Most internal red teams drift toward purple work within their first eighteen months — not because leadership planned it, but because the blue team can’t keep up with the attack surface and the red team’s findings rot in PDFs nobody operationalizes. The fix is to start purple deliberately. A 90-day buildout gets a small team running structured exercises, feeding production detections, and producing executive-readable metrics before the budget cycle closes.

This guide assumes a single security organization with an existing SOC, some form of EDR and SIEM, and one to three people who can be partially or fully reallocated to a purple function. No Cobalt Strike license, no managed service, no consultants. The goal at day 90 is not maturity — it’s a repeatable monthly exercise loop with defensible scoring and a detection backlog that survives the first staff change.

What “Purple Team” Actually Means Here

A purple team is not a third headcount group standing between red and blue. It’s a methodology where offensive and defensive operators run an exercise together, in real time, against a pre-agreed set of attacker techniques, with both sides watching the telemetry as it happens. Adversary emulation — replicating the specific tactics, techniques, and procedures (TTPs) of a known threat actor — is the engine. MITRE ATT&CK technique IDs (T1059.001, T1003.001, etc.) are the shared vocabulary that makes “did you see it?” a precise question instead of a vibe check.

The collaboration model matters more than the tooling.
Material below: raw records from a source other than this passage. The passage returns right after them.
(* Let $G$ be a finite connected graph that is either non-bipartite or contains a node of degree larger than two. Then for every $k$ with $2\le k<|V|$, the $k$-node CIS relationship graph $G^{(k)}$ is non-bipartite.
   Context: Let $G=(V,E,L)$ be a finite undirected graph with node set $V$, edge set $E$ (unordered pairs of distinct nodes) and a set $L$ of edge labels (labels play no role here). For $V'\subseteq V$, the induced subgraph on $V'$ has node set $V'$ and edge set $\{(i,j)\in E: i,j\in V'\}$. A $k$-node CIS (connected induced subgraph) is an induced subgraph on a $k$-element set $V'\subseteq V$ that is connected; $C^{(k)}$ denotes the set of all $k$-node CISes of $G$. The $k$-node CIS relationship graph $G^{(k)}=(C^{(k)},R^{(k)})$ is the simple undirected graph whose nodes are the elements of $C^{(k)}$, where two distinct CISes $s_1,s_2\in C^{(k)}$ are adjacent iff their node sets share exactly $k-1$ nodes. *)

theory Defs
  imports Main
begin

text \<open>A finite simple undirected graph is given by a finite node set V and a set E
of edges, each edge an unordered pair {i,j} of distinct nodes of V.
Edge labels play no role and are omitted.\<close>

definition simple_graph :: "'a set \<Rightarrow> 'a set set \<Rightarrow> bool" where
  "simple_graph V E \<longleftrightarrow> finite V \<and> (\<forall>e\<in>E. \<exists>i j. e = {i, j} \<and> i \<noteq> j \<and> i \<in> V \<and> j \<in> V)"
lemma harm_less_of_nat: "n \<ge> 2 \<Longrightarrow> harm n < (real n :: real)"
proof (induction n rule: nat_induct_at_least)
  case base
  then show ?case by (simp add: harm_def numeral_2_eq_2)
next
  case (Suc n)
  moreover have "inverse (real (Suc n)) \<le> 1"
    by (simp add: inverse_le_1_iff)
  ultimately show ?case
    by (simp add: harm_Suc)
qed

lemma sum_suffix_weights:
  "(\<Sum>k=1..N. (a + real (N - k) * b) / real (N + 1 - k)) = harm N * a + (real N - harm N) * b"
proof -
  have "(\<Sum>k=1..N. (a + real (N - k) * b) / real (N + 1 - k))
      = (\<Sum>k=1..N. b + (a - b) * inverse (real (N + 1 - k)))"
    by (rule sum.cong) (auto simp: of_nat_diff field_simps)
  also have "\<dots> = real N * b + (a - b) * (\<Sum>k=1..N. inverse (real (N + 1 - k)))"
    by (simp add: sum.distrib sum_distrib_left)
  also have "(\<Sum>k=1..N. inverse (real (N + 1 - k))) = (\<Sum>k=1..N. inverse (real k))"
    by (subst sum.atLeastAtMost_rev) (auto intro: sum.cong)
  finally show ?thesis
    by (simp add: harm_def algebra_simps)
qed
lemma finite_subsets_through: "finite (subsets_through n i k)"
  unfolding subsets_through_def by (rule finite_subset[of _ "Pow {..<n}"]) auto

locale self_dual_code =
  fixes n :: nat and C :: "nat set set"
  assumes self_dual: "self_dual n C"
begin

lemma linear: "linear_code n C"
  using self_dual by (simp add: self_dual_def)

lemma code_eq_dual: "C = dual_code n C"
  using self_dual by (simp add: self_dual_def)

lemma codeword_subset: "c \<in> C \<Longrightarrow> c \<subseteq> {..<n}"
  using linear by (auto simp: linear_code_def words_def)

lemma finite_code: "finite C"
  using linear finite_words finite_subset by (auto simp: linear_code_def)

lemma finite_codeword: "c \<in> C \<Longrightarrow> finite c"
  using codeword_subset finite_subset by blast

lemma empty_in_code: "{} \<in> C"
  using linear by (simp add: linear_code_def)

lemma vadd_in_code: "x \<in> C \<Longrightarrow> y \<in> C \<Longrightarrow> vadd x y \<in> C"
  using linear by (simp add: linear_code_def)

lemma orth_codewords: "x \<in> C \<Longrightarrow> y \<in> C \<Longrightarrow> orth x y"
  using code_eq_dual by (metis (no_types, lifting) dual_code_def mem_Collect_eq)

lemma even_card_codeword: "c \<in> C \<Longrightarrow> even (card c)"
  using orth_codewords[of c c] by (simp add: orth_def)

lemma all_ones_in_code: "{..<n} \<in> C"
proof -
  have "{..<n} \<in> dual_code n C"
    using codeword_subset even_card_codeword by (auto simp: dual_code_def words_def orth_def Int_absorb1)
  then show ?thesis using code_eq_dual by simp
qed

lemma complement_in_code: "c \<in> C \<Longrightarrow> {..<n} - c \<in> C"
  using vadd_in_code[OF all_ones_in_code] codeword_subset
  by (metis Diff_empty Un_empty_right Diff_eq_empty_iff vadd_def)

lemma card_complement: "c \<in> C \<Longrightarrow> card ({..<n} - c) = n - card c"
  using codeword_subset by (simp add: card_Diff_subset finite_codeword)

lemma card_codeword_le: "c \<in> C \<Longrightarrow> card c \<le> n"
  using codeword_subset card_mono[of "{..<n}" c] by simp

lemma weight_enum_beyond_length:
  assumes "n < w"
  shows "weight_enum C w = 0"
proof -
  have "{c\<in>C. wt c = w} = {}"
    using card_codeword_le assms by (fastforce simp: wt_def)
  then show ?thesis unfolding weight_enum_def by (metis card.empty)
qed

lemma card_containing_eq_card_avoiding:
  assumes "i < n" and "w \<le> n"
  shows "card {c\<in>C. i \<in> c \<and> card c = w} = card {c\<in>C. i \<notin> c \<and> card c = n - w}"
proof -
  have "bij_betw (\<lambda>c. {..<n} - c) {c\<in>C. i \<in> c \<and> card c = w} {c\<in>C. i \<notin> c \<and> card c = n - w}"
  proof (rule bij_betw_byWitness[where f' = "\<lambda>c. {..<n} - c"])
    show "(\<lambda>c. {..<n} - c) ` {c\<in>C. i \<in> c \<and> card c = w} \<subseteq> {c\<in>C. i \<notin> c \<and> card c = n - w}"
      using complement_in_code card_complement by auto
    show "(\<lambda>c. {..<n} - c) ` {c\<in>C. i \<notin> c \<and> card c = n - w} \<subseteq> {c\<in>C. i \<in> c \<and> card c = w}"
      using complement_in_code card_complement assms by auto
  qed (use codeword_subset in auto)
  then show ?thesis by (rule bij_betw_same_card)
qed

lemma sum_card_disjoint_subsets_through:
  assumes "i < n"
  shows "(\<Sum>T\<in>subsets_through n i (Suc \<mu>). card {c\<in>C. T \<inter> c = {}}) =
    (\<Sum>c\<in>{c\<in>C. i \<notin> c}. (n - card c - 1) choose \<mu>)"
proof -
  let ?F = "subsets_through n i (Suc \<mu>)"
  have "card {T\<in>?F. T \<inter> c = {}} = (if i \<notin> c then (n - card c - 1) choose \<mu> else 0)" if "c \<in> C" for c
  proof (cases "i \<in> c")
    case False
    have "{T\<in>?F. T \<inter> c = {}} = {T. T \<subseteq> {..<n} - c \<and> i \<in> T \<and> card T = Suc \<mu>}"
      unfolding subsets_through_def by auto
    then show ?thesis
      using card_subsets_containing[of "{..<n} - c" i \<mu>] False assms card_complement[OF that] by simp
  qed (auto simp: subsets_through_def)
  then have "(\<Sum>T\<in>?F. card {c\<in>C. T \<inter> c = {}}) = (\<Sum>c\<in>C. if i \<notin> c then (n - card c - 1) choose \<mu> else 0)"
    using sum_multicount_gen[OF finite_subsets_through finite_code, where R = "\<lambda>T c. T \<inter> c = {}"] by simp
  also have "\<dots> = (\<Sum>c\<in>{c\<in>C. i \<notin> c}. (n - card c - 1) choose \<mu>)"
    by (rule sum.inter_filter[OF finite_code, symmetric])
  finally show ?thesis .
qed
(* Let $(V,\mu)$ be an infinite, connected, locally finite weighted graph, let $1<s<\infty$, and let $\sigma\in\ell^+(V)$ satisfy $G\sigma(x)<\infty$ for every $x\in V$. Then for all $x\in V$, $$[G\sigma(x)]^s\le s\,G\big[(G\sigma)^{s-1}\sigma\big](x).$$
   Context: Weighted graph: $\mu_{xy}=\mu_{yx}\ge0$, $\mu_{xy}>0$ iff $x\sim y$, $\mu(x)=\sum_{y\sim x}\mu_{xy}$. Random walk $P(x,y)=\mu_{xy}/\mu(x)$, $P_n(x,y)=\mathbb P_x[X_n=y]$, Green function $g(x,y)=\sum_{n\ge0}P_n(x,y)/\mu(y)\in(0,\infty]$, Green operator $Gf(x)=\sum_{y\in V}g(x,y)f(y)\mu(y)$. *)

theory Defs
  imports "HOL-Analysis.Analysis"
begin

definition neighbors :: "('v \<Rightarrow> 'v \<Rightarrow> real) \<Rightarrow> 'v \<Rightarrow> 'v set" where
  "neighbors \<mu> x = {y. \<mu> x y > 0}"

definition weighted_graph :: "('v \<Rightarrow> 'v \<Rightarrow> real) \<Rightarrow> bool" where
  "weighted_graph \<mu> \<longleftrightarrow> (\<forall>x y. \<mu> x y = \<mu> y x \<and> \<mu> x y \<ge> 0)"

definition locally_finite :: "('v \<Rightarrow> 'v \<Rightarrow> real) \<Rightarrow> bool" where
  "locally_finite \<mu> \<longleftrightarrow> (\<forall>x. finite (neighbors \<mu> x))"

definition connected_graph :: "('v \<Rightarrow> 'v \<Rightarrow> real) \<Rightarrow> bool" where
  "connected_graph \<mu> \<longleftrightarrow> (\<forall>x y. (x, y) \<in> {(a, b). \<mu> a b > 0}\<^sup>*)"

definition vweight :: "('v \<Rightarrow> 'v \<Rightarrow> real) \<Rightarrow> 'v \<Rightarrow> real" where
  "vweight \<mu> x = (\<Sum>y\<in>neighbors \<mu> x. \<mu> x y)"

definition trans_prob :: "('v \<Rightarrow> 'v \<Rightarrow> real) \<Rightarrow> 'v \<Rightarrow> 'v \<Rightarrow> real" where
  "trans_prob \<mu> x y = \<mu> x y / vweight \<mu> x"

text \<open>n-step transition probabilities P_n(x,y) = P_x[X_n = y]\<close>
fun nstep :: "('v \<Rightarrow> 'v \<Rightarrow> real) \<Rightarrow> nat \<Rightarrow> 'v \<Rightarrow> 'v \<Rightarrow> real" where
  "nstep \<mu> 0 x y = (if x = y then 1 else 0)"
| "nstep \<mu> (Suc n) x y = (\<Sum>z\<in>neighbors \<mu> x. trans_prob \<mu> x z * nstep \<mu> n z y)"

definition green :: "('v \<Rightarrow> 'v \<Rightarrow> real) \<Rightarrow> 'v \<Rightarrow> 'v \<Rightarrow> ennreal" where
  "green \<mu> x y = (\<Sum>n. ennreal (nstep \<mu> n x y)) / ennreal (vweight \<mu> y)"

definition green_op :: "('v \<Rightarrow> 'v \<Rightarrow> real) \<Rightarrow> ('v \<Rightarrow> real) \<Rightarrow> 'v \<Rightarrow> ennreal" where
  "green_op \<mu> f x = (\<Sum>\<^sub>\<infinity>y\<in>UNIV. green \<mu> x y * ennreal (f y) * ennreal (vweight \<mu> y))"

end

theory Submission
  imports Defs
begin

text \<open>
  Write \<open>P\<close> for the transition operator of the random walk. Then
  \<open>G\<sigma> = \<Sum>\<^sub>k P\<^sup>k\<sigma>\<close>, and its partial sums satisfy \<open>v\<^sub>n\<^sub>+\<^sub>1 = \<sigma> + P v\<^sub>n\<close>.
  Convexity of \<open>t \<mapsto> t\<^sup>s\<close> gives
  \<open>v\<^sub>n\<^sub>+\<^sub>1\<^sup>s \<le> (P v\<^sub>n)\<^sup>s + s (G\<sigma>)\<^sup>s\<^sup>-\<^sup>1 \<sigma>\<close>, and Jensen's inequality for the
  probability kernel \<open>P\<close> gives \<open>(P v\<^sub>n)\<^sup>s \<le> P (v\<^sub>n\<^sup>s)\<close>. By induction
  \<open>v\<^sub>n\<^sup>s \<le> s \<Sum>\<^sub>k\<^sub><\<^sub>n P\<^sup>k ((G\<sigma>)\<^sup>s\<^sup>-\<^sup>1 \<sigma>)\<close>, and \<open>n \<rightarrow> \<infinity>\<close> yields the claim.
\<close>

lemma powr_tangent_le:
  fixes c x s :: real
  assumes "0 < c" "0 \<le> x" "1 \<le> s"
  shows "c powr s + s * c powr (s - 1) * (x - c) \<le> x powr s"
proof (cases "x = 0")
  case True
  have "c powr (s - 1) * c = c powr s"
    using assms by (simp add: powr_diff)
  then show ?thesis
    using True assms by (simp add: algebra_simps)
next
  case False
  have "((\<lambda>z. z powr s) has_field_derivative s * c powr (s - 1)) (at c within {0<..})"
    by (rule has_field_derivative_at_within, rule has_real_derivative_powr) (use assms in auto)
  then have "s * c powr (s - 1) * (x - c) \<le> x powr s - c powr s"
    by (rule convex_on_imp_above_tangent[OF powr_convex[OF assms(3)], rotated -1])
       (use assms False in \<open>auto simp: convex_connected interior_open\<close>)
  then show ?thesis
    by simp
qed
SCYTHE’s Purple Team Exercise Framework v4 (PTEF v4), released to address a common failure pattern — exercises that produce reports nobody reads — replaces binary pass/fail scoring with a 0–5 detection scale and integrates findings directly into a detection engineering lifecycle. Alfie Champion’s Practical Purple Teaming, published in September 2025, makes the same argument from a practitioner angle: the value is in repeatability and shared goals, not in a one-off engagement.

Team Models Compared

Red, Blue, and Purple Don’t Solve the Same Problem

Red

Stealth simulation

Tests whether the SOC catches a determined attacker. Output: an after-action report. Cadence: quarterly to annual.

Blue

Defense operations

Detects, investigates, contains. Output: incidents handled, detections written. Cadence: continuous.

Purple

Collaborative validation

Runs known TTPs openly with both sides watching. Output: validated production detections, scored gaps. Cadence: monthly.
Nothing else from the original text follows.